Chauffeuring us into town last July, Laura Campagna was a mine of information. “Most of the world’s opals come from Australia, and most of those stones are dug up right around here,” she said. “It tallies up to $20 to $40 million dollars’ worth a year.”

We had heard that fortune-seeking adventurers trekked to Coober Pedy from all over the world, lured by the “Queen of Gems.” The town’s population of 5,000, Laura told us, included 42 different nationalities. This was no simple ethnic mix. It was probably the most motley work force outside Babel or the U.N. Building in New York. Laura dropped us off at the hotel, in the heart of town. With typical outback friendliness she invited us to stop in to the sightseeing office or souvenir shop anytime, even if just to say “G’day!”

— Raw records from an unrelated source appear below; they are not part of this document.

lemma TM_space_eq_M_space: "TM_space \<phi> = M_space \<phi>"
proof -
  have "tm_norm \<phi> X < \<infinity> \<longleftrightarrow> m_norm \<phi> X < \<infinity>" if "X \<in> rv" for X
  proof
    show "tm_norm \<phi> X < \<infinity> \<Longrightarrow> m_norm \<phi> X < \<infinity>"
      using m_norm_le_tm_norm[OF that] by (rule order.strict_trans1)
    assume "m_norm \<phi> X < \<infinity>"
    then have "2 * m_norm \<phi> X < \<infinity>"
      by (simp add: ennreal_mult_less_top)
    then show "tm_norm \<phi> X < \<infinity>"
      using tm_norm_le_m_norm[of X] by (rule order.strict_trans1[rotated])
  qed
  then show ?thesis
    by (auto simp: TM_space_def M_space_def)
qed

lemma Lorentz_space_subset_M_space: "Lorentz_space \<phi> \<subseteq> M_space \<phi>"
  unfolding Lorentz_space_def M_space_def using m_norm_le_lorentz_norm order.strict_trans1 by blast

end

section \<open>A function in M but not in the Lorentz space\<close>

lemma sum_doubling_le:
  fixes q :: "nat \<Rightarrow> real"
  assumes nonneg: "\<And>n. 0 \<le> q n" and doubling: "\<And>n. 2 * q n \<le> q (Suc n)"
    and "finite S" and bound: "\<And>n. n \<in> S \<Longrightarrow> q n \<le> C" and "0 \<le> C"
  shows "(\<Sum>n\<in>S. q n) \<le> 2 * C"
proof (cases "S = {}")
  case False
  define M where "M = Max S"
  have partial: "(\<Sum>n\<le>k. q n) \<le> 2 * q k" for k
    using nonneg doubling by (induction k) (auto intro: order.trans[OF _ doubling])
  have "(\<Sum>n\<in>S. q n) \<le> (\<Sum>n\<le>M. q n)"
    using \<open>finite S\<close> False nonneg by (intro sum_mono2) (auto simp: M_def)
  also have "\<dots> \<le> 2 * C"
    using partial[of M] bound[of M] \<open>finite S\<close> False by (simp add: M_def)
  finally show ?thesis .
qed (use \<open>0 \<le> C\<close> in simp)

lemma sum_halving_le:
  fixes r :: "nat \<Rightarrow> real"
  assumes nonneg: "\<And>n. 0 \<le> r n" and halving: "\<And>n. 2 * r (Suc n) \<le> r n"
    and "finite S" and bound: "\<And>n. n \<in> S \<Longrightarrow> r n \<le> C" and "0 \<le> C"
  shows "(\<Sum>n\<in>S. r n) \<le> 2 * C"
proof (cases "S = {}")
  case False
  define m where "m = Min S"
  have partial: "(\<Sum>n\<in>{m..<m + k}. r n) + 2 * r (m + k) \<le> 2 * r m" for k
  proof (induction k)
    case (Suc k)
    then show ?case
      using halving[of "m + k"] by simp
  qed simp
  have "S \<subseteq> {m..<m + (Max S + 1 - m)}"
  proof
    fix x assume "x \<in> S"
    then have "m \<le> x" "x \<le> Max S"
      using \<open>finite S\<close> by (auto simp: m_def)
    then show "x \<in> {m..<m + (Max S + 1 - m)}"
      by simp
  qed
  then have "(\<Sum>n\<in>S. r n) \<le> (\<Sum>n\<in>{m..<m + (Max S + 1 - m)}. r n)"
    using nonneg by (intro sum_mono2) auto
  also have "\<dots> \<le> 2 * r m"
    using partial[of "Max S + 1 - m"] nonneg[of "m + (Max S + 1 - m)"] by simp
  also have "\<dots> \<le> 2 * C"
    using bound[of m] \<open>finite S\<close> False by (simp add: m_def)
  finally show ?thesis .
qed (use \<open>0 \<le> C\<close> in simp)

locale steep_concave_distortion = concave_distortion +
  assumes steep_at_0: "filterlim (\<lambda>h. (\<phi> h - \<phi> 0) / h) at_top (at_right 0)"
begin

lemma exists_halving_point:
  assumes t: "0 < t" "t \<le> 1"
  shows "\<exists>s. 0 < s \<and> s < t \<and> \<phi> s \<le> \<phi> t / 2 \<and> s / \<phi> s \<le> t / \<phi> t / 2"
proof -
  have "0 < \<phi> t"
    using phi_pos t by simp
  then obtain d where d: "0 < d" "\<And>x. x \<in> {0..1} \<Longrightarrow> dist x 0 < d \<Longrightarrow> dist (\<phi> x) (\<phi> 0) < \<phi> t / 2"
    using continuous_at_0 unfolding continuous_within_eps_delta by (metis half_gt_zero)
  have "\<forall>\<^sub>F h in at_right 0. 2 * \<phi> t / t \<le> (\<phi> h - \<phi> 0) / h"
    using steep_at_0 unfolding filterlim_at_top by blast
  moreover have "\<forall>\<^sub>F h in at_right 0. h \<in> {0<..<min t d}"
    using t d by (intro eventually_at_right_real) auto
  ultimately have "\<exists>h. 2 * \<phi> t / t \<le> (\<phi> h - \<phi> 0) / h \<and> h \<in> {0<..<min t d}"
    by (intro eventually_happens'[OF trivial_limit_at_right_real eventually_conj])
  then obtain h where h: "2 * \<phi> t / t \<le> \<phi> h / h" "0 < h" "h < t" "h < d"
    using zero by auto
  have "0 < \<phi> h"
    using phi_pos h t by simp
  moreover have "\<phi> h < \<phi> t / 2"
    using d(2)[of h] h t zero \<open>0 < \<phi> h\<close> by (simp add: dist_real_def)
  moreover have "h / \<phi> h \<le> t / \<phi> t / 2"
    using h t \<open>0 < \<phi> h\<close> \<open>0 < \<phi> t\<close> by (simp add: field_simps)
  ultimately show ?thesis
    using h by (intro exI[of _ h]) auto
qed

lemma exists_halving_sequence:
  "\<exists>s. \<forall>n. (0 < s n \<and> s n \<le> 1) \<and>
     \<phi> (s (Suc n)) \<le> \<phi> (s n) / 2 \<and> s (Suc n) / \<phi> (s (Suc n)) \<le> s n / \<phi> (s n) / 2"
proof (rule dependent_nat_choice)
  fix t :: real and n assume "0 < t \<and> t \<le> 1"
  then show "\<exists>s. (0 < s \<and> s \<le> 1) \<and> \<phi> s \<le> \<phi> t / 2 \<and> s / \<phi> s \<le> t / \<phi> t / 2"
    using exists_halving_point by force
qed (rule exI[of _ 1], simp)

end

locale halving_sequence = concave_distortion +
  fixes s :: "nat \<Rightarrow> real"
  assumes s_pos: "0 < s n" and s_le_1: "s n \<le> 1"
    and phi_halving: "\<phi> (s (Suc n)) \<le> \<phi> (s n) / 2"
    and ratio_halving: "s (Suc n) / \<phi> (s (Suc n)) \<le> s n / \<phi> (s n) / 2"
begin

lemma phi_s_pos: "0 < \<phi> (s n)"
  using phi_pos s_pos s_le_1 by simp

lemma s_le_power: "s n \<le> (1 / 2) ^ n"
proof -
  have "\<phi> (s n) \<le> (1 / 2) ^ n"
  proof (induction n)
    case 0
    then show ?case
      using phi_le_one s_pos s_le_1 by (simp add: less_imp_le)
  next
    case (Suc n)
    then show ?case
      using phi_halving[of n] by simp
  qed
  then show ?thesis
    using phi_ge_id[of "s n"] s_pos[of n] s_le_1[of n] by simp
qed

definition staircase :: "real \<Rightarrow> real" where
  "staircase x = (\<Sum>n. indicator {0<..<s n} x / \<phi> (s n))"

lemma staircase_summable: "summable (\<lambda>n. indicator {0<..<s n} x / \<phi> (s n))"
proof (cases "0 < x")
  case True
  obtain N where N: "(1 / 2) ^ N < x"
    using real_arch_pow_inv[OF True, of "1 / 2"] by auto
  have "indicator {0<..<s n} x / \<phi> (s n) = 0" if "n \<notin> {..<N}" for n
  proof -
    have "s n \<le> (1 / 2) ^ N"
      using s_le_power[of n] power_decreasing[of N n "1 / 2 :: real"] that
      by (simp add: not_less order_trans)
    then show ?thesis
      using N by simp
  qed
  then show ?thesis
    by (intro sums_summable[OF sums_finite[of "{..<N}"]]) auto
qed simp

lemma staircase_nonneg: "0 \<le> staircase x"
  unfolding staircase_def using phi_s_pos
  by (intro suminf_nonneg[OF staircase_summable]) (simp add: less_imp_le)

lemma staircase_antimono: "antimono_on {0<..1} staircase"
  unfolding staircase_def using phi_s_pos
  by (intro monotone_onI suminf_le[OF _ staircase_summable staircase_summable])
    (auto simp: indicator_def less_imp_le)

lemma staircase_rv: "staircase \<in> rv"
proof -
  have "staircase \<in> borel_measurable borel"
    unfolding staircase_def[abs_def] by measurable
  then have "staircase \<in> borel_measurable lebesgue"
    by (simp add: measurable_completion)
  then show ?thesis
    unfolding rv_def by (rule measurable_restrict_space1)
qed

lemma staircase_partial_sum_le:
  assumes t: "0 < t" "t \<le> 1"
  shows "(\<Sum>n<N. \<phi> t / t * (min (s n) t / \<phi> (s n))) \<le> 4"
proof -
  have "0 < \<phi> t"
    using phi_pos t by simp
  let ?A = "{n \<in> {..<N}. t \<le> s n}" and ?B = "{..<N} \<inter> - {n. t \<le> s n}"
  have "(\<Sum>n<N. \<phi> t / t * (min (s n) t / \<phi> (s n)))
      = (\<Sum>n<N. if t \<le> s n then \<phi> t * (1 / \<phi> (s n)) else \<phi> t / t * (s n / \<phi> (s n)))"
    using t by (intro sum.cong) auto
  also have "\<dots> = \<phi> t * (\<Sum>n\<in>?A. 1 / \<phi> (s n)) + \<phi> t / t * (\<Sum>n\<in>?B. s n / \<phi> (s n))"
    by (simp add: sum.If_cases sum_distrib_left Int_def)
  also have "\<dots> \<le> \<phi> t * (2 * (1 / \<phi> t)) + \<phi> t / t * (2 * (t / \<phi> t))"
  proof (intro add_mono mult_left_mono)
    show "(\<Sum>n\<in>?A. 1 / \<phi> (s n)) \<le> 2 * (1 / \<phi> t)"
    proof (rule sum_doubling_le)
      show "2 * (1 / \<phi> (s n)) \<le> 1 / \<phi> (s (Suc n))" for n
        using phi_halving[of n] phi_s_pos[of "Suc n"] by (simp add: field_simps)
      show "1 / \<phi> (s n) \<le> 1 / \<phi> t" if "n \<in> ?A" for n
        using phi_mono[of t "s n"] that t s_le_1[of n] \<open>0 < \<phi> t\<close> by (simp add: frac_le)
    qed (use phi_s_pos \<open>0 < \<phi> t\<close> in \<open>auto simp: less_imp_le\<close>)
    show "(\<Sum>n\<in>?B. s n / \<phi> (s n)) \<le> 2 * (t / \<phi> t)"
    proof (rule sum_halving_le)
      show "2 * (s (Suc n) / \<phi> (s (Suc n))) \<le> s n / \<phi> (s n)" for n
        using ratio_halving[of n] by simp
      show "s n / \<phi> (s n) \<le> t / \<phi> t" if "n \<in> ?B" for n
        using phi_ratio_antimono[of "s n" t] that t s_pos[of n] phi_s_pos[of n] \<open>0 < \<phi> t\<close>
        by (simp add: field_simps)
    qed (use phi_s_pos s_pos \<open>0 < \<phi> t\<close> t in \<open>auto simp: less_imp_le\<close>)
  qed (use \<open>0 < \<phi> t\<close> t in auto)
  also have "\<dots> = 4"
    using \<open>0 < \<phi> t\<close> t by simp
  finally show ?thesis .
qed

Our underground hotel room, a cube-like chamber burrowed into the side of a hill, reposed about 13 feet below a solid rock surface. A door led out into the open air, but the pink sandstone walls produced the effect of a snug crypt--complete with air-conditioning, television and international telephone. Whorled patterns on the striated walls, like giant fingerprints, were the telltale marks of powerful tunneling machines that had hollowed out this room. In the rambling subterranean hotel arcade, illuminated only by electric lights, we found an art gallery, a well-stocked bookshop, cozy bar, theatre, and, for sure, shops selling opals. The hotel also maintained aboveground rooms for claustrophobic guests. Upstairs, a first-class restaurant featured international cuisine, as well as local dishes such as pan-fried crocodile tail, oven-baked kangaroo fillet with strawberry and cassis sauce and medallions of char-grilled water buffalo.

Venturing outside, we surveyed the scene on Hutchinson Street, the town’s main drag, named in honor of Willie Hutchinson, the 14-year-old youngster who “founded” Coober Pedy.

On Feb. 1, 1911, Willie was left to look after a desert base camp while a group of gold prospectors, including his father, went in search of water. It was during one of Australia’s worst droughts. When the men returned empty-handed after dark and found Willie missing, they grew anxious and prepared to light a signal fire. But a grinning Willie stumbled into camp, announcing he had found pieces of precious opal. And water too.

Within days more opal was discovered, eventually leading to the establishment of the town. Tragically, young Willie drowned five years later in a swimming accident in Queensland.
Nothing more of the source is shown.